While it’s too early to see results — he took office only six weeks ago — Falcomatà was elected on a platform of ejecting ’Ndrangheta from positions in local administration, and a zero-tolerance stance on corruption. If not oblivious to the dangers to his own life, he’s at least decided not to let the threat destroy it. “The city would become completely desolate if we were all just to run away,” he says. He follows a simple recipe that he calls “the revolution of normality.” He, too, wants to continue living an ordinary life, playing soccer in whatever free time he has.
On the beach promenade, a group of protesters has stopped traffic: long-term unemployed men and women who haven’t received benefits in months. About 50 percent of Reggio Calabria’s citizens lack jobs, industry has vanished and the government patronage system feeds fewer after budget cuts. When they see Falcomatà, the people call out, “Viva Beppe,” and cheer and hug him, even though they know he’s got nothing to give them. What do they want from him, then? “Our citizens need electricity, water, streets, public transport, day care,” the mayor says. Restoring treasures for tourism seem like a faraway goal. Reggio Calabria boasts one of the best beaches for kitesurfing in the world. “But first we have to give our people a normal existence.”

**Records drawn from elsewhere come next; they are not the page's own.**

(* Let $\alpha_2\in\mathbb{C}$ and let $u(t)$ satisfy the fifth-order equation $$\frac{d^5u}{dt^5}=\frac{N}{48\left(\frac{du}{dt}\right)^2+8\frac{d^3u}{dt^3}-2t},$$ where $$N=(1-\alpha_2)\alpha_2-2u'\left(24u'^2-t\right)^2-24u''\left(u'-tu''\right)+8u'''\left(5u'\left(t-24u'^2\right)-12u''^2-16u'u'''\right)+2u''''\left(48u'u''+2u''''-1\right)$$ (primes denote $d/dt$). Define $$x=u,\quad y=u',\quad z=u'',\quad w=u'''-\frac14\left(t-24u'^2\right),\quad q=\frac{u''''-\frac{\alpha_2-24u'u''}{2}}{u'''-\frac14\left(t-24u'^2\right)} .$$ Then this birational change of variables takes the equation (written as a first-order system in $u,u',u'',u''',u''''$) into the polynomial system $$\frac{dx}{dt}=y,\quad \frac{dy}{dt}=z,\quad \frac{dz}{dt}=-6y^2+w+\frac t4,\quad \frac{dw}{dt}=wq+\frac{2\alpha_2-1}{4},\quad \frac{dq}{dt}=-\frac12q^2-4y .$$ *)

theory Defs
  imports "HOL-Analysis.Analysis"
begin

end

theory Submission
  imports Defs "HOL-Complex_Analysis.Complex_Analysis"
begin

text \<open>
  The first three equations only rename derivatives, and the equation for \<open>w\<close> is the
  definition of \<open>q\<close> solved for \<open>u''''\<close>. The content lies in the Riccati equation for
  \<open>q = A / W\<close> with \<open>A = u'''' - (\<alpha>\<^sub>2 - 24 u' u'') / 2\<close> and \<open>W = w\<close>: by the quotient rule it
  amounts to the polynomial identity \<open>A' W - A W' = -A\<^sup>2 / 2 - 4 u' W\<^sup>2\<close>, and since the
  denominator of the equation is exactly \<open>8 W\<close>, substituting the equation for the fifth
  derivative turns both sides into the same polynomial in \<open>t, u', \<dots>, u''''\<close>.
\<close>

lemma q_coordinate_riccati_identity:
  fixes t \<alpha> u1 u2 u3 u4 u5 :: "'a::field_char_0"
  defines "W \<equiv> u3 - (t - 24 * u1^2) / 4"
    and "A \<equiv> u4 - (\<alpha> - 24 * u1 * u2) / 2"
  assumes W_nz: "W \<noteq> 0"
    and ode: "u5 = ((1 - \<alpha>) * \<alpha>
        - 2 * u1 * (24 * u1^2 - t)^2
        - 24 * u2 * (u1 - t * u2)
        + 8 * u3 * (5 * u1 * (t - 24 * u1^2) - 12 * u2^2 - 16 * u1 * u3)
        + 2 * u4 * (48 * u1 * u2 + 2 * u4 - 1))
       / (48 * u1^2 + 8 * u3 - 2 * t)"
  shows "(u5 + 12 * (u2^2 + u1 * u3)) * W - A * (u4 - 1/4 + 12 * u1 * u2)
           = - (1/2) * A^2 - 4 * u1 * W^2"
proof -
  have "48 * u1^2 + 8 * u3 - 2 * t = 8 * W"
    by (simp add: W_def field_simps)
  with ode W_nz have "8 * W * u5 = (1 - \<alpha>) * \<alpha>
        - 2 * u1 * (24 * u1^2 - t)^2
        - 24 * u2 * (u1 - t * u2)
        + 8 * u3 * (5 * u1 * (t - 24 * u1^2) - 12 * u2^2 - 16 * u1 * u3)
        + 2 * u4 * (48 * u1 * u2 + 2 * u4 - 1)"
    by simp
  then show ?thesis
    unfolding A_def W_def by algebra
qed

lemma has_field_derivative_w_coordinate:
  fixes u1 u3 :: "'a::real_normed_field \<Rightarrow> 'a"
  assumes "(u1 has_field_derivative v2) (at t)" and "(u3 has_field_derivative v4) (at t)"
  shows "((\<lambda>s. u3 s - (s - 24 * (u1 s)^2) / 4) has_field_derivative
            v4 - 1/4 + 12 * u1 t * v2) (at t)"
  by (auto intro!: derivative_eq_intros assms simp: field_simps)

lemma has_field_derivative_q_coordinate:
  fixes u1 u2 u3 u4 :: "'a::real_normed_field \<Rightarrow> 'a" and \<alpha> :: 'a
  defines "W \<equiv> \<lambda>s. u3 s - (s - 24 * (u1 s)^2) / 4"
    and "A \<equiv> \<lambda>s. u4 s - (\<alpha> - 24 * u1 s * u2 s) / 2"
  assumes d1: "(u1 has_field_derivative u2 t) (at t)"
    and d2: "(u2 has_field_derivative u3 t) (at t)"
    and d3: "(u3 has_field_derivative u4 t) (at t)"
    and d4: "(u4 has_field_derivative u5) (at t)"
    and W_nz: "W t \<noteq> 0"
    and ode: "u5 = ((1 - \<alpha>) * \<alpha>
        - 2 * u1 t * (24 * (u1 t)^2 - t)^2
        - 24 * u2 t * (u1 t - t * u2 t)
        + 8 * u3 t * (5 * u1 t * (t - 24 * (u1 t)^2) - 12 * (u2 t)^2 - 16 * u1 t * u3 t)
        + 2 * u4 t * (48 * u1 t * u2 t + 2 * u4 t - 1))
       / (48 * (u1 t)^2 + 8 * u3 t - 2 * t)"
  shows "((\<lambda>s. A s / W s) has_field_derivative - (1/2) * (A t / W t)^2 - 4 * u1 t) (at t)"
proof -
  have dA: "(A has_field_derivative u5 + 12 * ((u2 t)^2 + u1 t * u3 t)) (at t)"
    unfolding A_def
    by (auto intro!: derivative_eq_intros d1 d2 d4 simp: field_simps power2_eq_square)
  have dW: "(W has_field_derivative u4 t - 1/4 + 12 * u1 t * u2 t) (at t)"
    unfolding W_def using has_field_derivative_w_coordinate[OF d1 d3] .
  have riccati: "(u5 + 12 * ((u2 t)^2 + u1 t * u3 t)) * W t - A t * (u4 t - 1/4 + 12 * u1 t * u2 t)
                   = - (1/2) * (A t)^2 - 4 * u1 t * (W t)^2"
    using q_coordinate_riccati_identity[OF W_nz[unfolded W_def] ode] unfolding A_def W_def .
  have "((u5 + 12 * ((u2 t)^2 + u1 t * u3 t)) * W t
           - A t * (u4 t - 1/4 + 12 * u1 t * u2 t)) / (W t * W t)
        = - (1/2) * (A t / W t)^2 - 4 * u1 t"
    unfolding riccati using W_nz by (simp add: field_simps power2_eq_square)
  with DERIV_divide[OF dA dW W_nz] show ?thesis
    by simp
qed

theorem theorem9p1:
  fixes u :: "complex \<Rightarrow> complex" and \<alpha>2 :: complex and S :: "complex set"
    and x y z w q :: "complex \<Rightarrow> complex"
  assumes S_open: "open S"
    and u_holo: "u holomorphic_on S"
    and den_nz: "\<forall>t\<in>S. 48 * (deriv u t)^2 + 8 * (deriv ^^ 3) u t - 2 * t \<noteq> 0"
    and ode: "\<forall>t\<in>S. (deriv ^^ 5) u t =
       ((1 - \<alpha>2) * \<alpha>2
        - 2 * deriv u t * (24 * (deriv u t)^2 - t)^2
        - 24 * (deriv ^^ 2) u t * (deriv u t - t * (deriv ^^ 2) u t)
        + 8 * (deriv ^^ 3) u t * (5 * deriv u t * (t - 24 * (deriv u t)^2)
              - 12 * ((deriv ^^ 2) u t)^2 - 16 * deriv u t * (deriv ^^ 3) u t)
        + 2 * (deriv ^^ 4) u t * (48 * deriv u t * (deriv ^^ 2) u t + 2 * (deriv ^^ 4) u t - 1))
       / (48 * (deriv u t)^2 + 8 * (deriv ^^ 3) u t - 2 * t)"
    and w_nz: "\<forall>t\<in>S. (deriv ^^ 3) u t - (t - 24 * (deriv u t)^2) / 4 \<noteq> 0"
    and x_def: "x \<equiv> u"
    and y_def: "y \<equiv> deriv u"
    and z_def: "z \<equiv> (deriv ^^ 2) u"
    and w_def: "w \<equiv> (\<lambda>t. (deriv ^^ 3) u t - (t - 24 * (deriv u t)^2) / 4)"
    and q_def: "q \<equiv> (\<lambda>t. ((deriv ^^ 4) u t - (\<alpha>2 - 24 * deriv u t * (deriv ^^ 2) u t) / 2)
                       / ((deriv ^^ 3) u t - (t - 24 * (deriv u t)^2) / 4))"
  shows "\<forall>t\<in>S.
           (x has_field_derivative y t) (at t) \<and>
           (y has_field_derivative z t) (at t) \<and>
           (z has_field_derivative (- 6 * (y t)^2 + w t + t / 4)) (at t) \<and>
           (w has_field_derivative (w t * q t + (2 * \<alpha>2 - 1) / 4)) (at t) \<and>
           (q has_field_derivative (- (1/2) * (q t)^2 - 4 * y t)) (at t)"
proof
  fix t assume t: "t \<in> S"
  have d: "((deriv ^^ n) u has_field_derivative (deriv ^^ Suc n) u t) (at t)" for n
    using has_field_derivative_higher_deriv[OF u_holo S_open t] .
  have d0: "(u has_field_derivative deriv u t) (at t)"
    using d[of 0] by simp
  have d1: "(deriv u has_field_derivative (deriv ^^ 2) u t) (at t)"
    using d[of 1] by (simp add: numeral_2_eq_2)
  have d2: "((deriv ^^ 2) u has_field_derivative (deriv ^^ 3) u t) (at t)"
    and d3: "((deriv ^^ 3) u has_field_derivative (deriv ^^ 4) u t) (at t)"
    and d4: "((deriv ^^ 4) u has_field_derivative (deriv ^^ 5) u t) (at t)"
    using d[of 2] d[of 3] d[of 4] by (simp_all del: funpow.simps)
  have z': "- 6 * (y t)^2 + w t + t / 4 = (deriv ^^ 3) u t"
    by (simp add: y_def w_def)
  have wq: "w t * q t = (deriv ^^ 4) u t - (\<alpha>2 - 24 * deriv u t * (deriv ^^ 2) u t) / 2"
    using w_nz t by (simp add: w_def q_def)
  have w': "w t * q t + (2 * \<alpha>2 - 1) / 4
              = (deriv ^^ 4) u t - 1/4 + 12 * deriv u t * (deriv ^^ 2) u t"
    unfolding wq by (simp add: field_simps)
  have dw: "(w has_field_derivative (deriv ^^ 4) u t - 1/4 + 12 * deriv u t * (deriv ^^ 2) u t) (at t)"
    unfolding w_def by (rule has_field_derivative_w_coordinate[OF d1 d3])
  have dq: "(q has_field_derivative - (1/2) * (q t)^2 - 4 * y t) (at t)"
    unfolding q_def y_def
    by (rule has_field_derivative_q_coordinate[OF d1 d2 d3 d4 w_nz[rule_format, OF t] ode[rule_format, OF t]])
  show "(x has_field_derivative y t) (at t) \<and> (y has_field_derivative z t) (at t) \<and>
        (z has_field_derivative (- 6 * (y t)^2 + w t + t / 4)) (at t) \<and>
        (w has_field_derivative (w t * q t + (2 * \<alpha>2 - 1) / 4)) (at t) \<and>
        (q has_field_derivative (- (1/2) * (q t)^2 - 4 * y t)) (at t)"
    unfolding z' w' using d0 d1 d2 dw dq by (simp add: x_def y_def z_def)
qed

end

The city reflects decades of Mafia misrule and corruption. Where once lemon trees bloomed, rampant construction has left massive cement wounds in the green hills that roll up from the sea. Millions in subsidies from Rome and the EU have vanished into the pockets of criminals. A stinking, salty broth of purified seawater flows from the taps. Bathing’s banned on the city’s beach promenade due to pollution from sewage. Most streets are lined with trash and dirt and marked with deep potholes. “Turning on the lights” already constitutes a revolution to Falcomatà. At night, many streets are pitch black, and the city evokes war-torn Beirut, not the verdant south of Europe.

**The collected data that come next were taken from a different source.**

lemma cost1_par_eq:
  assumes "eta \<in> N" "c \<in> sub_leaves N r par eta"
  shows "cost1 N r par d z (par eta) c = cost1 N r par d z eta c
    + real (card (sub_leaves N r par (par eta) - sub_leaves N r par eta)) * d (par eta) ^ z"
proof -
  let ?Se = "sub_leaves N r par eta" and ?Sp = "sub_leaves N r par (par eta)"
  let ?g = "\<lambda>l. d (lca N par l c) ^ z"
  have "cost1 N r par d z (par eta) c = sum ?g ?Se + sum ?g (?Sp - ?Se)"
    unfolding cost1_def using sum.subset_diff[OF sub_leaves_par_subset finite_sub_leaves]
    by (simp add: add.commute)
  also have "sum ?g (?Sp - ?Se) = real (card (?Sp - ?Se)) * d (par eta) ^ z"
    using lca_outside_subtree[OF assms] by simp
  finally show ?thesis unfolding cost1_def .
qed

subsection \<open>Cost decrease\<close>

lemma cost_decrease_nonneg:
  assumes adm: "admissible N r par d" and eta: "eta \<in> N"
  shows "0 \<le> cost_decrease N r par d eta z"
proof (cases "eta = r")
  case True then show ?thesis unfolding cost_decrease_def by simp
next
  case False
  let ?n = "real (card (sub_leaves N r par eta))"
  obtain c where c: "c \<in> sub_leaves N r par eta" using sub_leaves_nonempty eta by blast
  have "d eta ^ z \<le> d (par eta) ^ z"
    using adm eta False unfolding admissible_def by (blast intro: power_mono)
  then have "?n * d eta ^ z \<le> ?n * d (par eta) ^ z" by (simp add: mult_left_mono)
  moreover have "center_cost N r par d z eta \<le> ?n * d eta ^ z"
    using center_cost_le_cost1[OF c, of d z] cost1_le_card_mult[OF adm eta c, of z] by linarith
  ultimately show ?thesis using False unfolding cost_decrease_def by simp
qed

lemma cost_decrease_le_par:
  assumes adm: "admissible N r par d" and eta: "eta \<in> N" "eta \<noteq> r"
  shows "cost_decrease N r par d eta z \<le> cost_decrease N r par d (par eta) z"
proof (cases "par eta = r")
  case True then show ?thesis unfolding cost_decrease_def by simp
next
  case False
  let ?p = "par eta"
  let ?Se = "sub_leaves N r par eta" and ?Sp = "sub_leaves N r par ?p"
  have p: "?p \<in> N" using par_in_nodes eta(1) .
  obtain c where c: "c \<in> ?Se" and center: "center_cost N r par d z eta = cost1 N r par d z eta c"
    using center_cost_attained[OF eta(1)] by blast
  have "center_cost N r par d z ?p \<le> cost1 N r par d z ?p c"
    using center_cost_le_cost1 c sub_leaves_par_subset by blast
  also have "\<dots> = cost1 N r par d z eta c + real (card (?Sp - ?Se)) * d ?p ^ z"
    using cost1_par_eq[OF eta(1) c] .
  finally have cost_p: "center_cost N r par d z ?p
      \<le> cost1 N r par d z eta c + real (card (?Sp - ?Se)) * d ?p ^ z" .
  have "card ?Sp = card ?Se + card (?Sp - ?Se)"
    using card_Diff_subset[OF _ sub_leaves_par_subset] card_mono[OF _ sub_leaves_par_subset]
      finite_sub_leaves by fastforce
  moreover have "d ?p ^ z \<le> d (par ?p) ^ z"
    using adm p False unfolding admissible_def by (blast intro: power_mono)
  then have "real (card ?Sp) * d ?p ^ z \<le> real (card ?Sp) * d (par ?p) ^ z"
    by (simp add: mult_left_mono)
  ultimately have "real (card ?Se) * d ?p ^ z - cost1 N r par d z eta c
      \<le> real (card ?Sp) * d (par ?p) ^ z - center_cost N r par d z ?p"
    using cost_p by (simp add: algebra_simps)
  then show ?thesis using False eta(2) unfolding cost_decrease_def center by simp
qed
(* Let $p_1,p_2$ be periods. Then $\deg(p_1p_2)\le \deg(p_1)+\deg(p_2)$ and $\deg(p_1+p_2)\le \max(\deg(p_1),\deg(p_2))$.
   Context: Let $\overline{\mathbb{Q}}$ denote the field of algebraic numbers. For $n\ge 1$, an admissible domain in $\mathbb{R}^n$ is a subset of $\mathbb{R}^n$ which is a finite union of sets of the form $\{x\in\mathbb{R}^n : P_1(x)\,\square_1\, 0,\dots,P_r(x)\,\square_r\, 0\}$, where each $P_i$ is a polynomial with real algebraic coefficients and each $\square_i\in\{\ge,>\}$, and which has finite Lebesgue measure $\mathrm{vol}_n$. A real number $p$ is a real period if $p=\mathrm{vol}_n(\Sigma_1)-\mathrm{vol}_n(\Sigma_2)$ for some $n\ge1$ and admissible domains $\Sigma_1,\Sigma_2\subseteq\mathbb{R}^n$; a complex number is a period if its real and imaginary parts are real periods. The degree is defined as follows: $\deg(0)=0$; for a nonzero real period $p$, $\deg(p)$ is the least $n\ge 1$ such that $p=\mathrm{vol}_n(\Sigma_1)-\mathrm{vol}_n(\Sigma_2)$ with $\Sigma_1,\Sigma_2$ admissible domains in $\mathbb{R}^n$; for a complex period $p=a+ib$ ($a,b$ real), $\deg(p)=\max(\deg(a),\deg(b))$; for a complex number that is not a period, $\deg(p)=\infty$, with $\infty$ larger than every integer. *)

theory Defs
  imports "HOL-Analysis.Analysis" "HOL-Computational_Algebra.Polynomial" "HOL-Library.Extended_Nat"
begin

text \<open>Points of R^n are represented as functions nat => real that are extensional
  on {..<n} (undefined outside); Lebesgue measure on R^n is the n-fold product of lborel.\<close>

definition Rn :: "nat \<Rightarrow> (nat \<Rightarrow> real) measure" where
  "Rn n = Pi\<^sub>M {..<n} (\<lambda>_. lborel)"

definition alg_poly_fun :: "nat \<Rightarrow> ((nat \<Rightarrow> real) \<Rightarrow> real) \<Rightarrow> bool" where
  "alg_poly_fun n P \<longleftrightarrow>
     (\<exists>S :: (nat \<Rightarrow> nat) set. \<exists>c :: (nat \<Rightarrow> nat) \<Rightarrow> real.
        finite S \<and> (\<forall>\<alpha>\<in>S. algebraic (c \<alpha>)) \<and>
        (\<forall>x. P x = (\<Sum>\<alpha>\<in>S. c \<alpha> * (\<Prod>i<n. x i ^ \<alpha> i))))"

“The ’Ndrangheta is dependable, there are no defectors; that’s what gives them credibility with their worldwide partners in crime.”

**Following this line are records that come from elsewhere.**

text \<open>With \<open>w = Z v\<close> the form of \<open>D\<close> at \<open>v\<close> is the form of \<open>Z\<inverse> D Z\<inverse>\<close> at \<open>w\<close>.\<close>
lemma abs_inner_le_opnorm_congruence:
  fixes D Z :: "complex^'n^'n"
  assumes herm: "hermitian_cmat Z" and inv: "invertible Z"
    and bound: "opnorm (matrix_inv Z ** D ** matrix_inv Z) \<le> K"
  shows "\<bar>v \<bullet> (D *v v)\<bar> \<le> K * (norm (Z *v v))\<^sup>2"
proof -
  define w where "w = Z *v v"
  define Zi where "Zi = matrix_inv Z"
  have Z_Zi: "Z ** Zi = mat 1" and Zi_Z: "Zi ** Z = mat 1"
    using matrix_inv_inverse[OF inv] by (simp_all add: Zi_def)
  have sym: "inner_symmetric Z" using herm by (rule hermitian_imp_inner_symmetric)
  have "(Zi ** D ** Zi) *v w = Zi *v (D *v ((Zi ** Z) *v v))"
    by (simp add: w_def flip: matrix_vector_mul_assoc)
  then have "w \<bullet> ((Zi ** D ** Zi) *v w) = (Z *v v) \<bullet> (Zi *v (D *v v))"
    by (simp add: Zi_Z w_def)
  also have "\<dots> = v \<bullet> (Z *v (Zi *v (D *v v)))"
    by (rule inner_symmetricD[OF sym, symmetric])
  finally have form: "w \<bullet> ((Zi ** D ** Zi) *v w) = v \<bullet> (D *v v)"
    by (simp add: matrix_vector_mul_assoc matrix_mul_assoc Z_Zi)
  have "\<bar>w \<bullet> ((Zi ** D ** Zi) *v w)\<bar> \<le> norm w * norm ((Zi ** D ** Zi) *v w)"
    by (rule Cauchy_Schwarz_ineq2)
  also have "\<dots> \<le> norm w * (K * norm w)"
  proof (intro mult_left_mono)
    have "norm ((Zi ** D ** Zi) *v w) \<le> opnorm (Zi ** D ** Zi) * norm w" by (rule opnorm_bound)
    also have "\<dots> \<le> K * norm w" using bound by (simp add: Zi_def mult_right_mono)
    finally show "norm ((Zi ** D ** Zi) *v w) \<le> K * norm w" .
  qed simp
  finally show ?thesis
    unfolding form[symmetric] w_def[symmetric] by (simp add: power2_eq_square mult_ac)
qed

lemma inner_symmetric_RQ:
  assumes "\<forall>i<d1. hermitian_cmat (A i)"
  shows "inner_symmetric (RQ d1 d2 lam nu A B)"
  unfolding RQ_def using assms
  by (intro inner_symmetric_add inner_symmetric_sum inner_symmetric_square inner_symmetric_diff
      hermitian_imp_inner_symmetric inner_symmetric_mat_of_real inner_symmetric_cmat_adj_mult_self)
     auto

Prosecutor Nicola Gratteri
In a nearby courthouse, prosecutor Nicola Gratteri carries on his own struggle against ’Ndrangheta, whose headquarters in the small hamlet of San Luca are just 18 miles away. Gratteri has decorated the walls of his office with portraits of his murdered colleagues. From his windows, he has a view of the Aspromonte Mountains, where the Mafia kept hostages in caves during the 1970s and ’80s. It is from here, Gratteri says, that the bosses pull the strings in hundreds of ’Ndrangheta branches all over the world. The ’Ndrangheta’s success is owed to its rigorous organization and cast-iron rules, Gratteri explains. Betrayal will cost you your life. “The ’Ndrangheta is dependable, there are no defectors; that’s what gives them credibility with their worldwide partners in crime,” he says. According to Gratteri, these people “have infiltrated everything.”
That is why Gratteri welcomes Falcomatà’s election. He’s said to be a skilled legal practitioner. Perhaps more important, he has known his enemy ever since he was a little boy. His father, Italo, served as Reggio Calabria’s mayor in the 1990s and tried to fight the Mafia. One night, the family home went up in flames. Ever since then, they’ve lived with a security escort.
The elder Falcomatà died of a tumor in 2001 — and the Mafia returned to the first ranks of politics. When young Falcomatà took office, his sister Valeria stood in the ceremonial hall and cried. It is “in the name of the father” that Giuseppe Falcomatà says he is stepping up, “but not because he was my father, rather because he was an important role model for everyone, the only one.”